Feel-Good Memes of Yore

by Rainey Knudson October 27, 2018

I was pleased to stumble on the following poems recently in a little volume titled Poems of Gratitude. These mini-anthologies put out by Everyman’s Library are really wonderful; they’re among the highest and best examples of the pocket-gift-book genre (literal slim volumes of poetry). Reading long-dead people lately reminds me not only that rough times are nothing unusual, but also that people have always needed reassurance. People have always ached for consolation. Yes: people have always needed feel-good memes.

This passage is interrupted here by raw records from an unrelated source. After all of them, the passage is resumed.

lemma (in free_group_basis) exists_free_basis_containing_word:
  assumes H: "subgroup H G" "finite (rcosets H)"
    and w: "word_over S w" "reduced w" "w \<noteq> []" "word_eval G w \<in> H"
    and distinct: "\<And>i j. i < j \<Longrightarrow> j < length w \<Longrightarrow>
      H #> word_eval G (take i w) \<noteq> H #> word_eval G (take j w)"
  shows "\<exists>B. free_basis (G\<lparr>carrier := H\<rparr>) B \<and> word_eval G w \<in> B"
proof -
  obtain T where T: "(\<lambda>i. take i w) ` {..<length w} \<subseteq> T" "schreier_transversal G S H T"
    using partial_schreier_transversal_extend[OF H(2)
        partial_schreier_transversal_prefixes[OF H(1) w(1,2) distinct w(3)]] by blast
  interpret T: schreier_transversal G S H T by (fact T(2))
  have "butlast w \<in> T" using T(1) w(3) by (auto simp: butlast_conv_take)
  then have "word_eval G w \<in> T.schreier_basis \<or> inv (word_eval G w) \<in> T.schreier_basis"
    using T.word_eval_in_schreier_basis w by blast
  then show ?thesis
  proof
    assume inv: "inv (word_eval G w) \<in> T.schreier_basis"
    interpret K: group "G\<lparr>carrier := H\<rparr>" by (rule subgroup_imp_group[OF H(1)])
    have "inv\<^bsub>G\<lparr>carrier := H\<rparr>\<^esub> (inv (word_eval G w)) = word_eval G w"
      using w(4) H(1) by (simp add: m_inv_consistent subgroup.m_inv_closed subgroup.mem_carrier)
    then have "word_eval G w \<in> insert (inv\<^bsub>G\<lparr>carrier := H\<rparr>\<^esub> (inv (word_eval G w)))
        (T.schreier_basis - {inv (word_eval G w)})"
      by simp
    then show ?thesis
      using K.free_basis_insert_inv[OF T.free_basis_schreier_basis inv] by blast
  qed (use T.free_basis_schreier_basis in blast)
qed
lemma K_minorant_le_Kv:
  assumes "\<bar>x1 - x0\<bar> \<le> 1" "\<bar>x2 - x0\<bar> \<le> 1"
  shows "K_minorant x0 \<le> Kv x1 x2"
  unfolding K_minorant_def K_def
proof (rule integral_mono[OF K_minorant_integrand_integrable K_integrand_integrable[OF vk_pos vk_pos]])
  fix t
  let ?D1 = "(x1 - t)^2 + (vk k x1)^2" and ?D2 = "(x2 - t)^2 + (vk k x2)^2"
  have "0 < ?D1" "0 < ?D2"
    using vk_pos[of x1] vk_pos[of x2] by (auto intro: add_nonneg_pos)
  moreover have "?D1 * ?D2 \<le> D_majorant x0 t * D_majorant x0 t"
    using calculation sum_squares_le_D_majorant[OF assms(1) vk_square_le_mass]
      sum_squares_le_D_majorant[OF assms(2) vk_square_le_mass] D_majorant_ge_1[of x0 t]
    by (intro mult_mono) auto
  ultimately have "inverse (D_majorant x0 t * D_majorant x0 t) \<le> inverse (?D1 * ?D2)"
    by (intro le_imp_inverse_le) auto
  then show "W t * inverse (D_majorant x0 t * D_majorant x0 t) \<le> W t * inverse (?D1 * ?D2)"
    by (rule mult_left_mono[OF _ W_nonneg])
qed

lemma continuous_on_vk: "continuous_on UNIV (vk k)"
  unfolding continuous_on_iff
proof (intro ballI allI impI)
  fix x0 e :: real
  assume e: "0 < e"
  define c where "c = K_minorant x0"
  have c: "0 < c" unfolding c_def by (rule K_minorant_pos)
  define d where "d = min 1 (c * e^3 / 2)"
  have "0 < d" using e c by (simp add: d_def)
  moreover have "dist (vk k x) (vk k x0) < e" if "dist x x0 < d" for x
  proof -
    have dx: "\<bar>x - x0\<bar> \<le> 1" "2 * \<bar>x - x0\<bar> < c * e^3"
      using that by (simp_all add: d_def dist_real_def)
    have "\<bar>vk k x - vk k x0\<bar>^3 * c \<le> \<bar>vk k x - vk k x0\<bar>^3 * Kv x x0"
      unfolding c_def by (rule mult_left_mono[OF K_minorant_le_Kv[OF dx(1)]]) simp_all
    also have "\<dots> \<le> 2 * \<bar>x - x0\<bar>" by (rule abs_vk_diff_cube_le)
    also have "\<dots> < e^3 * c" using dx(2) by (simp add: mult.commute)
    finally have "\<bar>vk k x - vk k x0\<bar>^3 < e^3" using c by simp
    then show ?thesis
      using e by (simp add: dist_real_def power_less_imp_less_base)
  qed
  ultimately show "\<exists>d>0. \<forall>x\<in>UNIV. dist x x0 < d \<longrightarrow> dist (vk k x) (vk k x0) < e" by auto
qed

But if your tastes don’t run toward pithy aphorisms about mindfulness (pictured with a sunset or a dog in the background), here’s something in the same vein, but better. These two lovely poems, written in 1885 and 1655, respectively, are about keeping calm and being nice to yourself. The first was written by the Victorian Gerard Manley Hopkins as he was coming out of a time of anguish. The second was written by the great 17th-century poet John Milton as he was going blind — but the “spent light” he references could easily stand in as a metaphor for one’s life and talents.

 

My own heart let me more have pity on

My own heart let me more have pity on; let
Me live to my sad self hereafter kind,
Charitable; not live this tormented mind
With this tormented mind tormenting yet.
I cast for comfort I can no more get
By groping round my comfortless, than blind
Eyes in their dark can day or thirst can find
Thirst’s all-in-all in all a world of wet.

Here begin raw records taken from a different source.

lemma sym_pos_def_mat_inv:
  assumes "sym_pos_def A n"
  shows "sym_pos_def (mat_inv A) n"
proof -
  have A: "A \<in> carrier_mat n n" and sym: "A\<^sup>T = A"
    and pos: "\<And>x. x \<in> carrier_vec n \<Longrightarrow> x \<noteq> 0\<^sub>v n \<Longrightarrow> 0 < x \<bullet> (A *\<^sub>v x)"
    using assms by (auto simp: sym_pos_def_def)
  define B where "B = mat_inv A"
  have B: "B \<in> carrier_mat n n" and AB: "A * B = 1\<^sub>m n" and BA: "B * A = 1\<^sub>m n"
    using invertible_mat_inv[OF A sym_pos_def_invertible[OF assms]] by (simp_all add: B_def)
  have "B\<^sup>T = (B * A) * B\<^sup>T"
    using B BA by simp
  also have "\<dots> = B * (B * A)\<^sup>T"
    using A B sym by (simp add: transpose_mult[OF B A])
  finally have sym_B: "B\<^sup>T = B"
    using B BA by simp
  have "0 < x \<bullet> (B *\<^sub>v x)" if x: "x \<in> carrier_vec n" "x \<noteq> 0\<^sub>v n" for x
  proof -
    define y where "y = B *\<^sub>v x"
    have y: "y \<in> carrier_vec n"
      using B x by (simp add: y_def)
    have Ay: "A *\<^sub>v y = x"
      using A B x AB by (simp flip: assoc_mult_mat_vec add: y_def)
    then have "y \<noteq> 0\<^sub>v n"
      using A x by auto
    then have "0 < y \<bullet> (A *\<^sub>v y)"
      using pos y by blast
    also have "y \<bullet> (A *\<^sub>v y) = x \<bullet> (B *\<^sub>v x)"
      using transpose_vec_mult_scalar[OF A y y] sym Ay comm_scalar_prod[OF y x(1)]
      by (simp add: y_def)
    finally show ?thesis .
  qed
  then show ?thesis
    using B sym_B by (simp add: sym_pos_def_def B_def)
qed

lemma sym_pos_def_congruence:
  assumes W: "sym_pos_def W m" and B: "B \<in> carrier_mat m n"
    and inj: "\<And>x. x \<in> carrier_vec n \<Longrightarrow> B *\<^sub>v x = 0\<^sub>v m \<Longrightarrow> x = 0\<^sub>v n"
  shows "sym_pos_def (B\<^sup>T * W * B) n"
proof -
  have W_carrier: "W \<in> carrier_mat m m" and sym: "W\<^sup>T = W"
    using W by (auto simp: sym_pos_def_def)
  have "(B\<^sup>T * W * B)\<^sup>T = B\<^sup>T * W * B"
    using B W_carrier sym by (simp add: transpose_mult[of _ n m _ n] transpose_mult[of _ m m _ n])
  moreover have "0 < x \<bullet> ((B\<^sup>T * W * B) *\<^sub>v x)" if x: "x \<in> carrier_vec n" "x \<noteq> 0\<^sub>v n" for x
  proof -
    have Bx: "B *\<^sub>v x \<in> carrier_vec m" "B *\<^sub>v x \<noteq> 0\<^sub>v m"
      using B x inj by auto
    then have "0 < (B *\<^sub>v x) \<bullet> (W *\<^sub>v (B *\<^sub>v x))"
      using W by (auto simp: sym_pos_def_def)
    also have "\<dots> = x \<bullet> ((B\<^sup>T * W * B) *\<^sub>v x)"
      using transpose_vec_mult_scalar[OF B x(1), of "W *\<^sub>v (B *\<^sub>v x)"] B W_carrier x
        comm_scalar_prod[of x n] comm_scalar_prod[OF Bx(1), of "W *\<^sub>v (B *\<^sub>v x)"]
      by (simp add: assoc_mult_mat_vec_dim)
    finally show ?thesis .
  qed
  ultimately show ?thesis
    using B W_carrier by (simp add: sym_pos_def_def)
qed

lemma stack_rows_Nil [simp]: "stack_rows n [] = 0\<^sub>m 0 n"
  and stack_rows_Cons [simp]: "stack_rows n (L # Ls) = L @\<^sub>r stack_rows n Ls"
  by (simp_all add: stack_rows_def)

lemma stack_rows_carrier:
  assumes "length ns = length Ls" and "\<forall>j<length Ls. Ls ! j \<in> carrier_mat (ns ! j) n"
  shows "stack_rows n Ls \<in> carrier_mat (sum_list ns) n"
  using assms
proof (induction Ls arbitrary: ns)
  case (Cons L Ls)
  then obtain k ks where ns: "ns = k # ks"
    by (cases ns) auto
  have "L \<in> carrier_mat k n" and "\<forall>j<length Ls. Ls ! j \<in> carrier_mat (ks ! j) n"
    using Cons.prems(2) ns by force+
  with Cons.IH[of ks] Cons.prems(1) ns show ?case
    by auto
qed simp

lemma stack_rows_mult_vec_eq_0D:
  assumes "length ns = length Ls" and "\<forall>j<length Ls. Ls ! j \<in> carrier_mat (ns ! j) n"
    and y: "y \<in> carrier_vec n" and "stack_rows n Ls *\<^sub>v y = 0\<^sub>v (sum_list ns)"
    and "j < length Ls"
  shows "Ls ! j *\<^sub>v y = 0\<^sub>v (ns ! j)"
  using assms(1,2,4,5)
proof (induction Ls arbitrary: ns j)
  case (Cons L Ls)
  then obtain k ks where ns: "ns = k # ks"
    by (cases ns) auto
  have L: "L \<in> carrier_mat k n" and Ls: "\<forall>j<length Ls. Ls ! j \<in> carrier_mat (ks ! j) n"
    using Cons.prems(2) ns by force+
  have "0\<^sub>v (k + sum_list ks) = 0\<^sub>v k @\<^sub>v (0\<^sub>v (sum_list ks) :: real vec)"
    by (intro eq_vecI) auto
  then have "(L *\<^sub>v y) @\<^sub>v (stack_rows n Ls *\<^sub>v y) = 0\<^sub>v k @\<^sub>v 0\<^sub>v (sum_list ks)"
    using Cons.prems(3) ns mat_mult_append[OF L stack_rows_carrier[OF _ Ls] y] Cons.prems(1) by simp
  then have "L *\<^sub>v y = 0\<^sub>v k \<and> stack_rows n Ls *\<^sub>v y = 0\<^sub>v (sum_list ks)"
    using append_vec_eq[of "L *\<^sub>v y" k "0\<^sub>v k"] L y by simp
  then show ?case
  proof (cases j)
    case (Suc j')
    then show ?thesis
      using Cons.IH[OF _ Ls, of j'] Cons.prems(1,4) ns \<open>_ \<and> _\<close> by simp
  qed (simp add: ns)
qed simp

lemma stack_rows_kernel_trivial:
  assumes "length ns = length Ls" and blocks: "\<forall>j<length Ls. Ls ! j \<in> carrier_mat (ns ! j) n"
    and cover: "\<forall>i<n. \<exists>j<length Ls. \<exists>r<ns ! j. row (Ls ! j) r = unit_vec n i"
    and y: "y \<in> carrier_vec n" and "stack_rows n Ls *\<^sub>v y = 0\<^sub>v (sum_list ns)"
  shows "y = 0\<^sub>v n"
proof (rule eq_vecI)
  fix i
  assume "i < dim_vec (0\<^sub>v n :: real vec)"
  then have i: "i < n"
    by simp
  then obtain j r where j: "j < length Ls" and r: "r < ns ! j" and "row (Ls ! j) r = unit_vec n i"
    using cover by blast
  then have "(Ls ! j *\<^sub>v y) $ r = unit_vec n i \<bullet> y"
    using blocks j r by (metis carrier_matD(1) index_mult_mat_vec)
  also have "\<dots> = y $ i"
    using y i by (rule scalar_prod_left_unit)
  finally have "(Ls ! j *\<^sub>v y) $ r = y $ i" .
  moreover have "Ls ! j *\<^sub>v y = 0\<^sub>v (ns ! j)"
    using stack_rows_mult_vec_eq_0D[OF assms(1,2) y] assms(5) j by blast
  ultimately show "y $ i = 0\<^sub>v n $ i"
    using i r by simp
qed (use y in simp)

lemma coherence_mat_carrier: "coherence_mat nu nb A \<in> carrier_mat nu (nu + nb)"
  by (simp add: coherence_mat_def)

lemma coherence_mat_transpose_kernel_trivial:
  assumes z: "z \<in> carrier_vec nu" and "(coherence_mat nu nb A)\<^sup>T *\<^sub>v z = 0\<^sub>v (nu + nb)"
  shows "z = 0\<^sub>v nu"
proof (rule eq_vecI)
  fix k
  assume "k < dim_vec (0\<^sub>v nu :: real vec)"
  then have k: "k < nu"
    by simp
  have "col (coherence_mat nu nb A) k = unit_vec nu k"
    using k by (intro eq_vecI) (auto simp: coherence_mat_def)
  then have "((coherence_mat nu nb A)\<^sup>T *\<^sub>v z) $ k = z $ k"
    using k z by (simp add: coherence_mat_def)
  then show "z $ k = 0\<^sub>v nu $ k"
    using assms(2) k by simp
qed (use z in simp)

lemma quadratic_form_diff_orthogonal:
  fixes W :: "'a :: comm_ring mat"
  assumes W: "W \<in> carrier_mat m m" and sym: "W\<^sup>T = W"
    and r: "r \<in> carrier_vec m" and v: "v \<in> carrier_vec m" and orth: "v \<bullet> (W *\<^sub>v r) = 0"
  shows "(r - v) \<bullet> (W *\<^sub>v (r - v)) = r \<bullet> (W *\<^sub>v r) + v \<bullet> (W *\<^sub>v v)"
proof -
  have "r \<bullet> (W *\<^sub>v v) = v \<bullet> (W *\<^sub>v r)"
    using transpose_vec_mult_scalar[OF W v r] sym comm_scalar_prod[of "W *\<^sub>v r" m v] W r v
    by simp
  then have "r \<bullet> (W *\<^sub>v v) = 0"
    using orth by simp
  moreover have "(r - v) \<bullet> (W *\<^sub>v (r - v))
      = r \<bullet> (W *\<^sub>v r) - r \<bullet> (W *\<^sub>v v) - (v \<bullet> (W *\<^sub>v r) - v \<bullet> (W *\<^sub>v v))"
    using W r v
    by (simp add: mult_minus_distrib_mat_vec minus_scalar_prod_distrib[of _ m]
        scalar_prod_minus_distrib[of _ m])
  ultimately show ?thesis
    using orth by simp
qed

lemma gls_lagrange_conditions:
  fixes K Wi Wc C Si :: "'a :: comm_ring_1 mat"
  assumes K: "K \<in> carrier_mat m n" and Wi: "Wi \<in> carrier_mat m m" and Wc: "Wc \<in> carrier_mat n n"
    and Wc_inv: "K\<^sup>T * Wi * K * Wc = 1\<^sub>m n"
    and C: "C \<in> carrier_mat nu n" and Si: "Si \<in> carrier_mat nu nu"
    and Si_inv: "C * Wc * C\<^sup>T * Si = 1\<^sub>m nu"
    and yhat: "yhat \<in> carrier_vec m"
  defines "yc \<equiv> (1\<^sub>m n - Wc * C\<^sup>T * Si * C) *\<^sub>v ((Wc * K\<^sup>T * Wi) *\<^sub>v yhat)"
  shows "C *\<^sub>v yc = 0\<^sub>v nu" and "\<exists>\<mu>\<in>carrier_vec nu. K\<^sup>T *\<^sub>v (Wi *\<^sub>v (yhat - K *\<^sub>v yc)) = C\<^sup>T *\<^sub>v \<mu>"
proof -
  have [simp]: "dim_row K = m" "dim_col K = n" "dim_row Wi = m" "dim_col Wi = m"
    "dim_row Wc = n" "dim_col Wc = n" "dim_row C = nu" "dim_col C = n"
    "dim_row Si = nu" "dim_col Si = nu" "dim_vec yhat = m"
    using K Wi Wc C Si yhat by auto
  define a where "a = K\<^sup>T *\<^sub>v (Wi *\<^sub>v yhat)"
  define \<mu> where "\<mu> = Si *\<^sub>v (C *\<^sub>v (Wc *\<^sub>v a))"
  define b where "b = C\<^sup>T *\<^sub>v \<mu>"
  have a: "a \<in> carrier_vec n" and \<mu>: "\<mu> \<in> carrier_vec nu" and b: "b \<in> carrier_vec n"
    by (auto simp: a_def \<mu>_def b_def intro!: carrier_vecI)
  have Wc_a: "Wc *\<^sub>v a \<in> carrier_vec n" and Wc_b: "Wc *\<^sub>v b \<in> carrier_vec n"
    using Wc a b by simp_all
  have "(Wc * K\<^sup>T * Wi) *\<^sub>v yhat = Wc *\<^sub>v a"
    by (simp add: a_def assoc_mult_mat_vec_dim)
  moreover have "Wc * C\<^sup>T * Si * C \<in> carrier_mat n n"
    by (intro carrier_matI) simp_all
  ultimately have yc: "yc = Wc *\<^sub>v a - Wc *\<^sub>v b"
    unfolding yc_def using minus_mult_distrib_mat_vec[OF one_carrier_mat _ Wc_a] Wc_a
    by (simp add: b_def \<mu>_def assoc_mult_mat_vec_dim)
  then have yc_carrier: "yc \<in> carrier_vec n"
    using Wc_a Wc_b by simp
  have "C *\<^sub>v (Wc *\<^sub>v b) = (C * Wc * C\<^sup>T * Si) *\<^sub>v (C *\<^sub>v (Wc *\<^sub>v a))"
    using a by (simp add: b_def \<mu>_def assoc_mult_mat_vec_dim)
  also have "\<dots> = C *\<^sub>v (Wc *\<^sub>v a)"
    using C Wc_a by (simp add: Si_inv)
  finally show "C *\<^sub>v yc = 0\<^sub>v nu"
    unfolding yc mult_minus_distrib_mat_vec[OF C Wc_a Wc_b] by (auto intro!: eq_vecI)
  define Q where "Q = K\<^sup>T * Wi * K"
  have Q: "Q \<in> carrier_mat n n"
    unfolding Q_def by (intro carrier_matI) simp_all
  have Q_Wc: "Q *\<^sub>v (Wc *\<^sub>v v) = v" if "v \<in> carrier_vec n" for v
    using assoc_mult_mat_vec[OF Q Wc that] Wc_inv that by (simp add: Q_def)
  have "K\<^sup>T *\<^sub>v (Wi *\<^sub>v (K *\<^sub>v yc)) = Q *\<^sub>v yc"
    using yc_carrier by (simp add: Q_def assoc_mult_mat_vec_dim)
  also have "\<dots> = a - b"
    unfolding yc mult_minus_distrib_mat_vec[OF Q Wc_a Wc_b] using Q_Wc a b by simp
  finally have "K\<^sup>T *\<^sub>v (Wi *\<^sub>v (K *\<^sub>v yc)) = a - b" .
  moreover have "K\<^sup>T *\<^sub>v (Wi *\<^sub>v (yhat - K *\<^sub>v yc)) = a - K\<^sup>T *\<^sub>v (Wi *\<^sub>v (K *\<^sub>v yc))"
    using K Wi yhat yc_carrier
    by (simp add: a_def mult_minus_distrib_mat_vec[of Wi m m] mult_minus_distrib_mat_vec[of "K\<^sup>T" n m])
  ultimately have "K\<^sup>T *\<^sub>v (Wi *\<^sub>v (yhat - K *\<^sub>v yc)) = C\<^sup>T *\<^sub>v \<mu>"
    using a b by (auto simp: b_def intro!: eq_vecI)
  with \<mu> show "\<exists>\<mu>\<in>carrier_vec nu. K\<^sup>T *\<^sub>v (Wi *\<^sub>v (yhat - K *\<^sub>v yc)) = C\<^sup>T *\<^sub>v \<mu>"
    by blast
qed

Soul, self; come, poor Jackself, I do advise
You, jaded, let be; call off thoughts awhile
Elsewhere; leave comfort root-room; let joy size
At God knows when to God knows what; whose smile
‘s not wrung, see you; unforeseen times rather — as skies
Betweenpie mountains — lights a lovely mile.

Gerard Manley Hopkins, 1885

 

Sonnet 19

When I consider how my light is spent,
Ere half my days, in this dark world and wide,
And that one Talent which is death to hide
Lodged with me useless, though my Soul more bent
To serve therewith my Maker, and present
My true account, lest he returning chide;
“Doth God exact day-labour, light denied?”
I fondly ask. But patience, to prevent
That murmur, soon replies, “God doth not need
Either man’s work or his own gifts; who best
Bear his mild yoke, they serve him best. His state
Is Kingly. Thousands at his bidding speed
And post o’er Land and Ocean without rest:
They also serve who only stand and wait.”